*** Opening GIVEN DATA ***
(* Let $G$ be a graph whose $\operatorname{IR}$-graph $H=G(\operatorname{IR})$ is connected, and let $k\geq 3$. If $G$ has an $\operatorname{IR}(G)$-set $X$ containing $k$ vertices each of positive degree in $G[X]$, or containing $k$ vertices each having an $X$-external private neighbour, then $\operatorname{diam}(H)\geq k$.
   Context: All graphs are finite and simple. For $G=(V,E)$, $D\subseteq V$, $v\in D$: $\operatorname{PN}(v,D)=N[v]-N[D-\{v\}]$ and $\operatorname{EPN}(v,D)=\operatorname{PN}(v,D)-D$; elements of $\operatorname{EPN}(v,D)$ are the $D$-external private neighbours of $v$. $D$ is irredundant if $\operatorname{PN}(v,D)\neq\varnothing$ for all $v\in D$; $\operatorname{IR}(G)$ is the maximum size of an irredundant set; an $\operatorname{IR}(G)$-set is an irredundant set of that size. $G(\operatorname{IR})$ has the $\operatorname{IR}(G)$-sets as vertices, with $D\sim D'$ iff there exist $u\in D$, $v\in D'$ with $uv\in E(G)$ and $D'=(D-\{u\})\cup\{v\}$. *)

theory Defs
  imports Main
begin

definition simple_graph :: "'a set \<Rightarrow> ('a \<Rightarrow> 'a \<Rightarrow> bool) \<Rightarrow> bool" where
  "simple_graph V E \<longleftrightarrow> finite V \<and> (\<forall>x y. E x y \<longrightarrow> E y x)
     \<and> (\<forall>x. \<not> E x x) \<and> (\<forall>x y. E x y \<longrightarrow> x \<in> V \<and> y \<in> V)"

definition cnbhd :: "'a set \<Rightarrow> ('a \<Rightarrow> 'a \<Rightarrow> bool) \<Rightarrow> 'a \<Rightarrow> 'a set" where
  "cnbhd V E v = insert v {u \<in> V. E v u}"

definition cnbhd_set :: "'a set \<Rightarrow> ('a \<Rightarrow> 'a \<Rightarrow> bool) \<Rightarrow> 'a set \<Rightarrow> 'a set" where
  "cnbhd_set V E S = (\<Union>v\<in>S. cnbhd V E v)"

definition PN :: "'a set \<Rightarrow> ('a \<Rightarrow> 'a \<Rightarrow> bool) \<Rightarrow> 'a \<Rightarrow> 'a set \<Rightarrow> 'a set" where
  "PN V E v D = cnbhd V E v - cnbhd_set V E (D - {v})"

definition EPN :: "'a set \<Rightarrow> ('a \<Rightarrow> 'a \<Rightarrow> bool) \<Rightarrow> 'a \<Rightarrow> 'a set \<Rightarrow> 'a set" where
  "EPN V E v D = PN V E v D - D"

definition irredundant :: "'a set \<Rightarrow> ('a \<Rightarrow> 'a \<Rightarrow> bool) \<Rightarrow> 'a set \<Rightarrow> bool" where
  "irredundant V E D \<longleftrightarrow> D \<subseteq> V \<and> (\<forall>v\<in>D. PN V E v D \<noteq> {})"

definition IR :: "'a set \<Rightarrow> ('a \<Rightarrow> 'a \<Rightarrow> bool) \<Rightarrow> nat" where
  "IR V E = Max {card D | D. irredundant V E D}"

definition IR_set :: "'a set \<Rightarrow> ('a \<Rightarrow> 'a \<Rightarrow> bool) \<Rightarrow> 'a set \<Rightarrow> bool" where
  "IR_set V E D \<longleftrightarrow> irredundant V E D \<and> card D = IR V E"

definition IR_graph_vertices :: "'a set \<Rightarrow> ('a \<Rightarrow> 'a \<Rightarrow> bool) \<Rightarrow> 'a set set" where
  "IR_graph_vertices V E = {D. IR_set V E D}"

definition IR_graph_adj :: "('a \<Rightarrow> 'a \<Rightarrow> bool) \<Rightarrow> 'a set \<Rightarrow> 'a set \<Rightarrow> bool" where
  "IR_graph_adj E D D' \<longleftrightarrow> (\<exists>u\<in>D. \<exists>v\<in>D'. E u v \<and> D' = (D - {u}) \<union> {v})"

definition is_walk :: "'b set \<Rightarrow> ('b \<Rightarrow> 'b \<Rightarrow> bool) \<Rightarrow> 'b list \<Rightarrow> bool" where
  "is_walk W R xs \<longleftrightarrow> xs \<noteq> [] \<and> set xs \<subseteq> W \<and> (\<forall>i. Suc i < length xs \<longrightarrow> R (xs ! i) (xs ! Suc i))"

definition walk_between :: "'b set \<Rightarrow> ('b \<Rightarrow> 'b \<Rightarrow> bool) \<Rightarrow> 'b \<Rightarrow> 'b \<Rightarrow> nat \<Rightarrow> bool" where
  "walk_between W R x y n \<longleftrightarrow> (\<exists>xs. is_walk W R xs \<and> hd xs = x \<and> last xs = y \<and> length xs = Suc n)"

definition graph_connected :: "'b set \<Rightarrow> ('b \<Rightarrow> 'b \<Rightarrow> bool) \<Rightarrow> bool" where
  "graph_connected W R \<longleftrightarrow> (\<forall>x\<in>W. \<forall>y\<in>W. \<exists>n. walk_between W R x y n)"

definition graph_dist :: "'b set \<Rightarrow> ('b \<Rightarrow> 'b \<Rightarrow> bool) \<Rightarrow> 'b \<Rightarrow> 'b \<Rightarrow> nat" where
  "graph_dist W R x y = (LEAST n. walk_between W R x y n)"

definition graph_diam :: "'b set \<Rightarrow> ('b \<Rightarrow> 'b \<Rightarrow> bool) \<Rightarrow> nat" where
  "graph_diam W R = Max {graph_dist W R x y | x y. x \<in> W \<and> y \<in> W}"

end

theory Submission
  imports Defs
begin

text \<open>
A vertex of an IR-set X with a neighbour in X has no private neighbour inside X, so it has an
X-external one. Replacing every vertex of X that has an X-external private neighbour by such a
neighbour yields a set Y of the same size, and Y is irredundant: the remaining vertices of X are
isolated in G[X] and remain their own private neighbours, while every new vertex keeps its old
owner as a private neighbour. An edge of G(IR) exchanges a single vertex, so the distance from X
to Y is at least the number of replaced vertices.
\<close>

lemma IR_graph_adj_Diff_subset:
  assumes "IR_graph_adj E D D'"
  obtains u where "D - D' \<subseteq> {u}"
  using assms unfolding IR_graph_adj_def by blast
*** Closing GIVEN DATA ***
- [WHAT TO DO]: The response must consist of the lines above, from the first one through the line containing "V E v D = PN", reproduced exactly.

- [RESPONSE BELOW]:
(* Let $G$ be a graph whose $\operatorname{IR}$-graph $H=G(\operatorname{IR})$ is connected, and let $k\geq 3$. If $G$ has an $\operatorname{IR}(G)$-set $X$ containing $k$ vertices each of positive degree in $G[X]$, or containing $k$ vertices each having an $X$-external private neighbour, then $\operatorname{diam}(H)\geq k$.
   Context: All graphs are finite and simple. For $G=(V,E)$, $D\subseteq V$, $v\in D$: $\operatorname{PN}(v,D)=N[v]-N[D-\{v\}]$ and $\operatorname{EPN}(v,D)=\operatorname{PN}(v,D)-D$; elements of $\operatorname{EPN}(v,D)$ are the $D$-external private neighbours of $v$. $D$ is irredundant if $\operatorname{PN}(v,D)\neq\varnothing$ for all $v\in D$; $\operatorname{IR}(G)$ is the maximum size of an irredundant set; an $\operatorname{IR}(G)$-set is an irredundant set of that size. $G(\operatorname{IR})$ has the $\operatorname{IR}(G)$-sets as vertices, with $D\sim D'$ iff there exist $u\in D$, $v\in D'$ with $uv\in E(G)$ and $D'=(D-\{u\})\cup\{v\}$. *)

theory Defs
  imports Main
begin

definition simple_graph :: "'a set \<Rightarrow> ('a \<Rightarrow> 'a \<Rightarrow> bool) \<Rightarrow> bool" where
  "simple_graph V E \<longleftrightarrow> finite V \<and> (\<forall>x y. E x y \<longrightarrow> E y x)
     \<and> (\<forall>x. \<not> E x x) \<and> (\<forall>x y. E x y \<longrightarrow> x \<in> V \<and> y \<in> V)"

definition cnbhd :: "'a set \<Rightarrow> ('a \<Rightarrow> 'a \<Rightarrow> bool) \<Rightarrow> 'a \<Rightarrow> 'a set" where
  "cnbhd V E v = insert v {u \<in> V. E v u}"

definition cnbhd_set :: "'a set \<Rightarrow> ('a \<Rightarrow> 'a \<Rightarrow> bool) \<Rightarrow> 'a set \<Rightarrow> 'a set" where
  "cnbhd_set V E S = (\<Union>v\<in>S. cnbhd V E v)"

definition PN :: "'a set \<Rightarrow> ('a \<Rightarrow> 'a \<Rightarrow> bool) \<Rightarrow> 'a \<Rightarrow> 'a set \<Rightarrow> 'a set" where
  "PN V E v D = cnbhd V E v - cnbhd_set V E (D - {v})"

definition EPN :: "'a set \<Rightarrow> ('a \<Rightarrow> 'a \<Rightarrow> bool) \<Rightarrow> 'a \<Rightarrow> 'a set \<Rightarrow> 'a set" where
  "EPN V E v D = PN V E v D - D"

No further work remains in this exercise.